Nelson pointed to “driving a personalised learning experience in a way that doesn’t eliminate the teacher, the faculty, but helps streamline and create more time and space for them to add value where they add it most, which is working with students and delivering content and resources. A curriculum that extends scholarship is something that an AI platform has some potential to deliver”.
Nelson added: “These are tools that companies are looking for their employees to know how to use. So, being thoughtful about figuring out the right ways in which they can be integrated into our curriculum and integrated into the way students learn and teach around that, and build critical thinking skills in terms of how we use them, is important.”
Cognitive offloading
GenAI can make learning seem frictionless, but real understanding and mastery of any discipline requires effort and practice, which is something universities of the future must address.

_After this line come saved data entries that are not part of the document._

(* Let $G$ be a graph, $H=G^2$, and $n\ge 1$. Then every induced subgraph of $H$ isomorphic to $K_{1,n}$ is contained in a (not necessarily induced) subgraph of $H$ isomorphic to $(D_n)^2$ or to $(D_n^-)^2$.
   Context: All graphs are finite and simple. For a graph $H$, the square $H^2$ has vertex set $V(H)$, two distinct vertices being adjacent iff their distance in $H$ is at most $2$. $D_n$ is the graph with vertex set $\{v,u_1,\dots,u_n,w_1,\dots,w_n\}$ and edge set $\{vu_i:1\le i\le n\}\cup\{u_iw_i:1\le i\le n\}$ (a subdivided star), and $D_n^-$ is the graph $D_n-w_n$ obtained by deleting the vertex $w_n$. *)

theory Defs
  imports Main
begin

definition simple_graph :: "'a set \<Rightarrow> ('a \<Rightarrow> 'a \<Rightarrow> bool) \<Rightarrow> bool" where
  "simple_graph V E \<longleftrightarrow> finite V \<and>
     (\<forall>u v. E u v \<longrightarrow> u \<in> V \<and> v \<in> V \<and> u \<noteq> v \<and> E v u)"

definition graph_square :: "'a set \<Rightarrow> ('a \<Rightarrow> 'a \<Rightarrow> bool) \<Rightarrow> 'a \<Rightarrow> 'a \<Rightarrow> bool" where
  "graph_square V E u w \<longleftrightarrow> u \<in> V \<and> w \<in> V \<and> u \<noteq> w \<and>
     (E u w \<or> (\<exists>x\<in>V. E u x \<and> E x w))"

definition is_subgraph :: "'a set \<Rightarrow> ('a \<Rightarrow> 'a \<Rightarrow> bool) \<Rightarrow> 'a set \<Rightarrow> ('a \<Rightarrow> 'a \<Rightarrow> bool) \<Rightarrow> bool" where
  "is_subgraph V1 E1 V2 E2 \<longleftrightarrow> V1 \<subseteq> V2 \<and>
     (\<forall>u v. E1 u v \<longrightarrow> u \<in> V1 \<and> v \<in> V1 \<and> E2 u v)"

definition induced_edges :: "'a set \<Rightarrow> ('a \<Rightarrow> 'a \<Rightarrow> bool) \<Rightarrow> 'a \<Rightarrow> 'a \<Rightarrow> bool" where
  "induced_edges S E u v \<longleftrightarrow> u \<in> S \<and> v \<in> S \<and> E u v"

definition graph_iso :: "'a set \<Rightarrow> ('a \<Rightarrow> 'a \<Rightarrow> bool) \<Rightarrow> 'b set \<Rightarrow> ('b \<Rightarrow> 'b \<Rightarrow> bool) \<Rightarrow> bool" where
  "graph_iso V1 E1 V2 E2 \<longleftrightarrow> (\<exists>f. bij_betw f V1 V2 \<and>
     (\<forall>u\<in>V1. \<forall>v\<in>V1. E1 u v \<longleftrightarrow> E2 (f u) (f v)))"

definition star_V :: "nat \<Rightarrow> nat set" where "star_V n = {0..n}"
definition star_E :: "nat \<Rightarrow> nat \<Rightarrow> nat \<Rightarrow> bool" where
  "star_E n a b \<longleftrightarrow> a \<in> {0..n} \<and> b \<in> {0..n} \<and> ((a = 0 \<and> b \<noteq> 0) \<or> (b = 0 \<and> a \<noteq> 0))"

(* D_n: v = 0, u_i = i, w_i = n + i  (1 \<le> i \<le> n) *)
definition D_V :: "nat \<Rightarrow> nat set" where "D_V n = {0..2*n}"
definition D_E :: "nat \<Rightarrow> nat \<Rightarrow> nat \<Rightarrow> bool" where
  "D_E n a b \<longleftrightarrow> (\<exists>i\<in>{1..n}. (a = 0 \<and> b = i) \<or> (a = i \<and> b = 0)
                            \<or> (a = i \<and> b = n + i) \<or> (a = n + i \<and> b = i))"

definition Dm_V :: "nat \<Rightarrow> nat set" where "Dm_V n = D_V n - {2*n}"
definition Dm_E :: "nat \<Rightarrow> nat \<Rightarrow> nat \<Rightarrow> bool" where
  "Dm_E n = induced_edges (Dm_V n) (D_E n)"

end

theory Submission
  imports Defs
begin

text \<open>
  Let the induced star have centre \<open>c\<close> and leaves \<open>l\<^sub>1, \<dots>, l\<^sub>n\<close>. Each leaf is adjacent
  to \<open>c\<close> in \<open>G\<close> or has a common neighbour \<open>m\<^sub>i\<close> with \<open>c\<close>. Since the leaves are pairwise at
  distance at least 3 in \<open>G\<close>, the closed neighbourhoods of the leaves are pairwise disjoint;
  hence at most one leaf, say \<open>l\<^sub>n\<close>, is adjacent to \<open>c\<close>, and \<open>c\<close>, the \<open>m\<^sub>i\<close> and the \<open>l\<^sub>i\<close> are
  all distinct. So \<open>v \<mapsto> c, u\<^sub>i \<mapsto> m\<^sub>i, w\<^sub>i \<mapsto> l\<^sub>i\<close> embeds \<open>D\<^sub>n\<close> into \<open>G\<close>, or, if \<open>l\<^sub>n\<close> is adjacent
  to \<open>c\<close>, \<open>u\<^sub>n \<mapsto> l\<^sub>n\<close> embeds \<open>D\<^sub>n\<^sup>-\<close>. An embedding of a graph into \<open>G\<close> maps its square into
  \<open>G\<^sup>2\<close>, and the star edges are images of edges \<open>v w\<^sub>i\<close> (resp. \<open>v u\<^sub>n\<close>) of the square.
\<close>

lemma simple_graph_sym: "simple_graph V E \<Longrightarrow> E u v \<Longrightarrow> E v u"
  unfolding simple_graph_def by blast

lemma simple_graph_irrefl: "simple_graph V E \<Longrightarrow> E u v \<Longrightarrow> u \<noteq> v"
  unfolding simple_graph_def by blast

lemma simple_graph_vertices: "simple_graph V E \<Longrightarrow> E u v \<Longrightarrow> u \<in> V \<and> v \<in> V"
  unfolding simple_graph_def by blast

lemma graph_square_sym: "symp E \<Longrightarrow> graph_square V E u w \<Longrightarrow> graph_square V E w u"
  unfolding graph_square_def symp_def by blast

lemma graph_square_irrefl: "\<not> graph_square V E u u"
  unfolding graph_square_def by simp

lemma graph_square_common_neighbour:
  "simple_graph V E \<Longrightarrow> E x u \<Longrightarrow> E x w \<Longrightarrow> u \<noteq> w \<Longrightarrow> graph_square V E u w"
  unfolding graph_square_def simple_graph_def by blast

definition map_edges :: "('b \<Rightarrow> 'a) \<Rightarrow> 'b set \<Rightarrow> ('b \<Rightarrow> 'b \<Rightarrow> bool) \<Rightarrow> 'a \<Rightarrow> 'a \<Rightarrow> bool" where
  "map_edges \<phi> D R u v \<longleftrightarrow> (\<exists>a\<in>D. \<exists>b\<in>D. u = \<phi> a \<and> v = \<phi> b \<and> R a b)"

lemma map_edgesI: "a \<in> D \<Longrightarrow> b \<in> D \<Longrightarrow> R a b \<Longrightarrow> map_edges \<phi> D R (\<phi> a) (\<phi> b)"
  unfolding map_edges_def by blast

lemma graph_iso_map_edges:
  assumes "inj_on \<phi> D"
  shows "graph_iso (\<phi> ` D) (map_edges \<phi> D R) D R"
  unfolding graph_iso_def
proof (intro exI conjI ballI)
  show "bij_betw (the_inv_into D \<phi>) (\<phi> ` D) D"
    using assms by (simp add: bij_betw_the_inv_into inj_on_imp_bij_betw)
  fix u v assume "u \<in> \<phi> ` D" "v \<in> \<phi> ` D"
  then obtain a b where ab: "a \<in> D" "b \<in> D" "u = \<phi> a" "v = \<phi> b" by blast
  have "map_edges \<phi> D R u v \<longleftrightarrow> R a b"
    using ab assms unfolding map_edges_def inj_on_def by metis
  then show "map_edges \<phi> D R u v \<longleftrightarrow> R (the_inv_into D \<phi> u) (the_inv_into D \<phi> v)"
    using ab assms by (simp add: the_inv_into_f_f)
qed

lemma graph_square_embedding:
  assumes inj: "inj_on \<phi> D" and img: "\<phi> ` D \<subseteq> V"
    and hom: "\<And>a b. a \<in> D \<Longrightarrow> b \<in> D \<Longrightarrow> R a b \<Longrightarrow> E (\<phi> a) (\<phi> b)"
    and sq: "graph_square D R a b"
  shows "graph_square V E (\<phi> a) (\<phi> b)"
proof -
  have "a \<in> D" "b \<in> D" "\<phi> a \<noteq> \<phi> b"
    using sq inj unfolding graph_square_def inj_on_def by blast+
  with sq show ?thesis
    using img hom unfolding graph_square_def by (metis image_subset_iff)
qed

lemma ex_square_copy:
  assumes inj: "inj_on \<phi> D" and img: "\<phi> ` D \<subseteq> V"
    and hom: "\<And>a b. a \<in> D \<Longrightarrow> b \<in> D \<Longrightarrow> R a b \<Longrightarrow> E (\<phi> a) (\<phi> b)"
    and sub: "is_subgraph S HS (\<phi> ` D) (map_edges \<phi> D (graph_square D R))"
  shows "\<exists>T ET. is_subgraph S HS T ET \<and> is_subgraph T ET V (graph_square V E)
            \<and> graph_iso T ET D (graph_square D R)"
proof (intro exI conjI)
  have "graph_square V E (\<phi> a) (\<phi> b)" if "graph_square D R a b" for a b
    using graph_square_embedding[OF inj img _ that] hom by blast
  then show "is_subgraph (\<phi> ` D) (map_edges \<phi> D (graph_square D R)) V (graph_square V E)"
    unfolding is_subgraph_def map_edges_def using img by blast
qed (use sub graph_iso_map_edges[OF inj] in auto)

In September 2024 OpenAI introduced the latest genAI model, the o1-Strawberry model. “It’s a cognition model that corrects itself and thinks about its thought processes,” said Banawan. “Universities are now trying to address ‘cognitive offloading’, where students put all the thinking into this technology. We wanted students to be aware of how they think.
“Students need to develop a nuanced view of not only how to use these tools to support learning but when not to rely on them: using them productively whilst avoiding unhelpful cognitive offloading and potential over-reliance,” the white paper states.
An area to explore further with universities, according to Nelson, was “the science of learning itself, and how AI can inform, improve, or advance that, addressing some of the concerns around ‘cognitive offloading’ that may come through the overuse of AI in some cases”.
Importance of collaboration
The white paper notes that “collaboration within and between institutions will be a key to future success for the sector. This could be regional in scope or focused on particular issues of generative AI adoption and application”.
Liu noted that collaboration with AI-aligned industry and those at the forefront, like Microsoft, was important. “They have the connectivity, the clouds, and the foresight to see where technology is headed, and they can only succeed if they work with us, and we can only succeed if we work with them,” he said.
Christina Schönleber, APRU’s chief strategy officer, said: “Amid the transformative impact of generative AI on higher education, fostering multi-stakeholder collaboration in this safe space is more crucial than ever. By continuing to engage university leaders, educators, and students in the region with technology providers and industry partners, we can develop equitable AI solutions that cater to diverse institutional needs.
“These collaborative efforts not only support effective AI adoption but also aim to ensure that our educational systems remain resilient, innovative, and beneficial for the entire academic community.”